Exercise details ▸ The job is to find each line of the records below that includes the word "forall" and copy it.

──────

lemma subst_monom_single: "subst_monom \<sigma> (single i k) = \<sigma> i ^ k"
  by (cases "k = 0") (simp_all add: subst_monom_def)

lemma subst_diff: "subst \<sigma> (p - q) = subst \<sigma> p - subst \<sigma> q"
  by (simp add: subst_eq_lin_ext lin_ext_diff)

lemma subst_sum: "subst \<sigma> (\<Sum>i\<in>A. g i) = (\<Sum>i\<in>A. subst \<sigma> (g i))"
  by (simp add: subst_eq_lin_ext lin_ext_sum)

lemma subst_zero [simp]: "subst \<sigma> 0 = 0"
  by (simp add: subst_eq_lin_ext)

lemma subst_single: "subst \<sigma> (single e c) = Const c * subst_monom \<sigma> e"
  by (simp add: subst_eq_lin_ext lin_ext_single)

lemma subst_Const_mult: "subst \<sigma> (Const c * p) = Const c * subst \<sigma> p"
  by (simp add: subst_eq_lin_ext lin_ext_Const_mult)

lemma subst_Const [simp]: "subst \<sigma> (Const c) = Const c"
  using subst_single[of \<sigma> 0 c] by (simp add: Const_def)

lemma subst_Var [simp]: "subst \<sigma> (Var i) = \<sigma> i"
  by (simp add: Var_def subst_single subst_monom_single)

lemma subst_mult: "subst \<sigma> (p * q) = subst \<sigma> p * subst \<sigma> q"
proof -
  have "p * q = (\<Sum>e\<in>keys p. \<Sum>e'\<in>keys q. single e (lookup p e) * single e' (lookup q e'))"
    by (subst poly_mapping_sum_single[of p], subst poly_mapping_sum_single[of q])
      (simp add: sum_distrib_left sum_distrib_right sum.swap[of _ "keys q"])
  hence "subst \<sigma> (p * q) = (\<Sum>e\<in>keys p. \<Sum>e'\<in>keys q.
      (Const (lookup p e) * subst_monom \<sigma> e) * (Const (lookup q e') * subst_monom \<sigma> e'))"
    by (simp add: subst_sum mult_single subst_single subst_monom_add Const_mult mult_ac)
  also have "\<dots> = (\<Sum>e\<in>keys p. Const (lookup p e) * subst_monom \<sigma> e) *
      (\<Sum>e'\<in>keys q. Const (lookup q e') * subst_monom \<sigma> e')"
    by (simp add: sum_distrib_left sum_distrib_right sum.swap[of _ "keys q"])
  finally show ?thesis by (simp add: subst_eq_lin_ext lin_ext_def)
qed

lemma subst_one [simp]: "subst \<sigma> 1 = 1"
  using subst_Const[of \<sigma> 1] by simp

lemma subst_power: "subst \<sigma> (p ^ k) = subst \<sigma> p ^ k"
  by (induction k) (simp_all add: subst_mult)

definition Monom :: "(nat \<Rightarrow>\<^sub>0 nat) \<Rightarrow> 'k::comm_ring_1 mpoly" where
  "Monom e = single e 1"

lemma keys_Monom: "keys (Monom e :: 'k::comm_ring_1 mpoly) = {e}"
  by (simp add: Monom_def)

lemma lookup_Monom: "lookup (Monom e :: 'k::comm_ring_1 mpoly) \<mu> = (if e = \<mu> then 1 else 0)"
  by (simp add: Monom_def lookup_single when_def)

lemma Var_eq_Monom: "Var i = Monom (single i 1)"
  by (simp add: Var_def Monom_def)

lemma Monom_mult: "Monom a * Monom b = (Monom (a + b) :: 'k::comm_ring_1 mpoly)"
  by (simp add: Monom_def mult_single)

lemma single_eq_Const_mult_Monom: "single e c = Const c * Monom e"
  by (simp add: Const_mult_single Monom_def)

lemma Var_power: "Var j ^ k = (Monom (single j k) :: 'k::comm_ring_1 mpoly)"
proof (induction k)
  case (Suc k)
  have "Var j ^ Suc k = Monom (single j 1) * (Monom (single j k) :: 'k mpoly)"
    by (simp only: power_Suc Suc flip: Var_eq_Monom)
  thus ?case by (simp add: Monom_mult single_add[symmetric])
qed (simp add: Monom_def)

lemma prod_Monom: "(\<Prod>i\<in>A. Monom (f i) :: 'k::comm_ring_1 mpoly) = Monom (\<Sum>i\<in>A. f i)"
  by (induction A rule: infinite_finite_induct) (simp_all add: Monom_def mult_single)

lemma single_eq_single_iff: "c \<noteq> 0 \<Longrightarrow> single k c = single k' c \<longleftrightarrow> k = k'"
  by (metis lookup_single_eq lookup_single_not_eq)

lemma lookup_single_nat: "lookup (single i k) x = (if x = i then k else (0::nat))"
  by (simp add: lookup_single when_def)

lemma single_add_minus_single:
  "q \<le> lookup e j \<Longrightarrow> e - single j q + single j q = (e :: nat \<Rightarrow>\<^sub>0 nat)"
  by (rule poly_mapping_eqI) (simp add: lookup_add lookup_minus lookup_single_nat)

lemma keys_minus_single: "keys (e - single j q) \<subseteq> keys (e :: nat \<Rightarrow>\<^sub>0 nat)"
  by (auto simp: in_keys_iff lookup_minus)

lemma lookup_mult_Var:
  "lookup (P * Var j) \<mu> = (if 0 < lookup \<mu> j then lookup P (\<mu> - single j 1) else 0)"
proof -
  have "P * Var j = (\<Sum>e\<in>keys P. single (e + single j 1) (lookup P e))"
    by (subst poly_mapping_sum_single[of P]) (simp add: sum_distrib_right Var_def mult_single)
  hence L: "lookup (P * Var j) \<mu> = (\<Sum>e\<in>keys P. if e + single j 1 = \<mu> then lookup P e else 0)"
    by (simp add: lookup_sum lookup_single when_def)
  show ?thesis
  proof (cases "0 < lookup \<mu> j")
    case True
    have "e + single j 1 = \<mu> \<longleftrightarrow> e = \<mu> - single j 1" for e
      using single_add_minus_single[of 1 \<mu> j] True by auto
    hence "lookup (P * Var j) \<mu> = (\<Sum>e\<in>keys P. if e = \<mu> - single j 1 then lookup P e else 0)"
      unfolding L by presburger
    also have "\<dots> = lookup P (\<mu> - single j 1)" by (simp add: in_keys_iff)
    finally show ?thesis using True by simp
  next
    case False
    have "e + single j 1 \<noteq> \<mu>" for e
      using False by (auto simp: lookup_add)
    thus ?thesis unfolding L using False by simp
  qed
qed

section \<open>Variables and ideals\<close>

lemma vars_in_zero [simp]: "vars_in S 0"
  by (simp add: vars_in_def)

lemma vars_in_add: "vars_in S p \<Longrightarrow> vars_in S q \<Longrightarrow> vars_in S (p + q)"
  unfolding vars_in_def using keys_add[of p q] by blast

lemma vars_in_uminus: "vars_in S p \<Longrightarrow> vars_in S (- p)"
  by (simp add: vars_in_def)

lemma vars_in_diff: "vars_in S p \<Longrightarrow> vars_in S q \<Longrightarrow> vars_in S (p - q :: 'k::comm_ring_1 mpoly)"
  using vars_in_add[of S p "- q"] vars_in_uminus[of S q] by simp

lemma vars_in_single: "keys e \<subseteq> S \<Longrightarrow> vars_in S (single e c)"
  by (simp add: vars_in_def)

lemma vars_in_Const [simp]: "vars_in S (Const c)"
  by (simp add: vars_in_def Const_def)

lemma vars_in_Var: "i \<in> S \<Longrightarrow> vars_in S (Var i)"
  by (simp add: vars_in_def Var_def)

lemma vars_in_one [simp]: "vars_in S (1 :: 'k::comm_ring_1 mpoly)"
  using vars_in_Const[of S 1] by simp

lemma vars_in_mult: "vars_in S p \<Longrightarrow> vars_in S q \<Longrightarrow> vars_in S (p * q)"
  unfolding vars_in_def
proof (intro ballI)
  fix m assume p: "\<forall>m\<in>keys p. keys m \<subseteq> S" and q: "\<forall>m\<in>keys q. keys m \<subseteq> S"
    and "m \<in> keys (p * q)"
  then obtain a b where "m = a + b" "a \<in> keys p" "b \<in> keys q"
    using keys_mult by blast
  thus "keys m \<subseteq> S"
    using p q keys_add[of a b] by blast
qed

lemma vars_in_sum: "(\<And>i. i \<in> A \<Longrightarrow> vars_in S (f i)) \<Longrightarrow> vars_in S (\<Sum>i\<in>A. f i)"
  by (induction A rule: infinite_finite_induct) (auto intro: vars_in_add)

lemma vars_in_prod:
  "(\<And>i. i \<in> A \<Longrightarrow> vars_in S (f i)) \<Longrightarrow> vars_in S (\<Prod>i\<in>A. f i :: 'k::comm_ring_1 mpoly)"
  by (induction A rule: infinite_finite_induct) (auto intro: vars_in_mult)

lemma vars_in_power: "vars_in S p \<Longrightarrow> vars_in S (p ^ k :: 'k::comm_ring_1 mpoly)"
  by (induction k) (auto intro: vars_in_mult)

lemma vars_in_mono: "vars_in S p \<Longrightarrow> S \<subseteq> T \<Longrightarrow> vars_in T p"
  by (auto simp: vars_in_def)

lemma vars_in_subst:
  assumes "vars_in S p" "\<And>i. i \<in> S \<Longrightarrow> vars_in T (\<sigma> i)"
  shows "vars_in T (subst \<sigma> p)"
  unfolding subst_eq_lin_ext lin_ext_def subst_monom_def
proof (intro vars_in_sum vars_in_mult vars_in_Const vars_in_prod vars_in_power)
  fix e i assume "e \<in> keys p" "i \<in> keys e"
  hence "i \<in> S"
    using assms(1) by (auto simp: vars_in_def)
  thus "vars_in T (\<sigma> i)"
    using assms(2) by blast
qed

lemma lookup_eq_zero_if_not_vars_in:
  "vars_in S p \<Longrightarrow> x \<in> keys \<mu> \<Longrightarrow> x \<notin> S \<Longrightarrow> lookup p \<mu> = 0"
  by (metis in_keys_iff subsetD vars_in_def)

lemma ideal_genI:
  "finite F \<Longrightarrow> F \<subseteq> G \<Longrightarrow> \<forall>g\<in>F. vars_in S (h g) \<Longrightarrow> x = (\<Sum>g\<in>F. h g * g) \<Longrightarrow> x \<in> ideal_gen S G"
  unfolding ideal_gen_def by (intro CollectI exI conjI)

lemma ideal_genE:
  assumes "x \<in> ideal_gen S G"
  obtains F h where "finite F" "F \<subseteq> G" "\<forall>g\<in>F. vars_in S (h g)" "x = (\<Sum>g\<in>F. h g * g)"
  using assms unfolding ideal_gen_def by (auto simp only: mem_Collect_eq)

lemma ideal_gen_zero: "0 \<in> ideal_gen S G"
  by (rule ideal_genI[of "{}"]) simp_all

lemma ideal_gen_generator: "g \<in> G \<Longrightarrow> vars_in S h \<Longrightarrow> h * g \<in> ideal_gen S G"
  by (rule ideal_genI[of "{g}" _ _ "\<lambda>_. h"]) simp_all

lemma ideal_gen_add:
  assumes "x \<in> ideal_gen S G" "y \<in> ideal_gen S G"
  shows "x + y \<in> ideal_gen S G"
proof -
  obtain F1 h1 where 1: "finite F1" "F1 \<subseteq> G" "\<forall>g\<in>F1. vars_in S (h1 g)" "x = (\<Sum>g\<in>F1. h1 g * g)"
    using assms(1) by (rule ideal_genE)
  obtain F2 h2 where 2: "finite F2" "F2 \<subseteq> G" "\<forall>g\<in>F2. vars_in S (h2 g)" "y = (\<Sum>g\<in>F2. h2 g * g)"
    using assms(2) by (rule ideal_genE)
  define h where "h g = (if g \<in> F1 then h1 g else 0) + (if g \<in> F2 then h2 g else 0)" for g
  have "(\<Sum>g\<in>F1 \<union> F2. h g * g) = (\<Sum>g\<in>F1 \<union> F2. if g \<in> F1 then h1 g * g else 0)
      + (\<Sum>g\<in>F1 \<union> F2. if g \<in> F2 then h2 g * g else 0)"
    unfolding sum.distrib[symmetric] by (rule sum.cong) (simp_all add: h_def distrib_right)
  also have "(\<Sum>g\<in>F1 \<union> F2. if g \<in> F1 then h1 g * g else 0) = x"
    unfolding 1(4) using 1(1) 2(1) by (intro sum.mono_neutral_cong_right) auto
  also have "(\<Sum>g\<in>F1 \<union> F2. if g \<in> F2 then h2 g * g else 0) = y"
    unfolding 2(4) using 1(1) 2(1) by (intro sum.mono_neutral_cong_right) auto
  finally have "x + y = (\<Sum>g\<in>F1 \<union> F2. h g * g)" by simp
  moreover have "\<forall>g\<in>F1 \<union> F2. vars_in S (h g)"
    using 1(3) 2(3) by (auto simp: h_def intro!: vars_in_add)
  ultimately show ?thesis
    using 1(1,2) 2(1,2) by (intro ideal_genI) simp_all
qed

──────

Answer area ▸
  fix m assume p: "\<forall>m\<in>keys p. keys m \<subseteq> S" and q: "\<forall>m\<in>keys q. keys m \<subseteq> S"
  "finite F \<Longrightarrow> F \<subseteq> G \<Longrightarrow> \<forall>g\<in>F. vars_in S (h g) \<Longrightarrow> x = (\<Sum>g\<in>F. h g * g) \<Longrightarrow> x \<in> ideal_gen S G"
  obtains F h where "finite F" "F \<subseteq> G" "\<forall>g\<in>F. vars_in S (h g)" "x = (\<Sum>g\<in>F. h g * g)"
  obtain F1 h1 where 1: "finite F1" "F1 \<subseteq> G" "\<forall>g\<in>F1. vars_in S (h1 g)" "x = (\<Sum>g\<in>F1. h1 g * g)"
  obtain F2 h2 where 2: "finite F2" "F2 \<subseteq> G" "\<forall>g\<in>F2. vars_in S (h2 g)" "y = (\<Sum>g\<in>F2. h2 g * g)"
  moreover have "\<forall>g\<in>F1 \<union> F2. vars_in S (h g)"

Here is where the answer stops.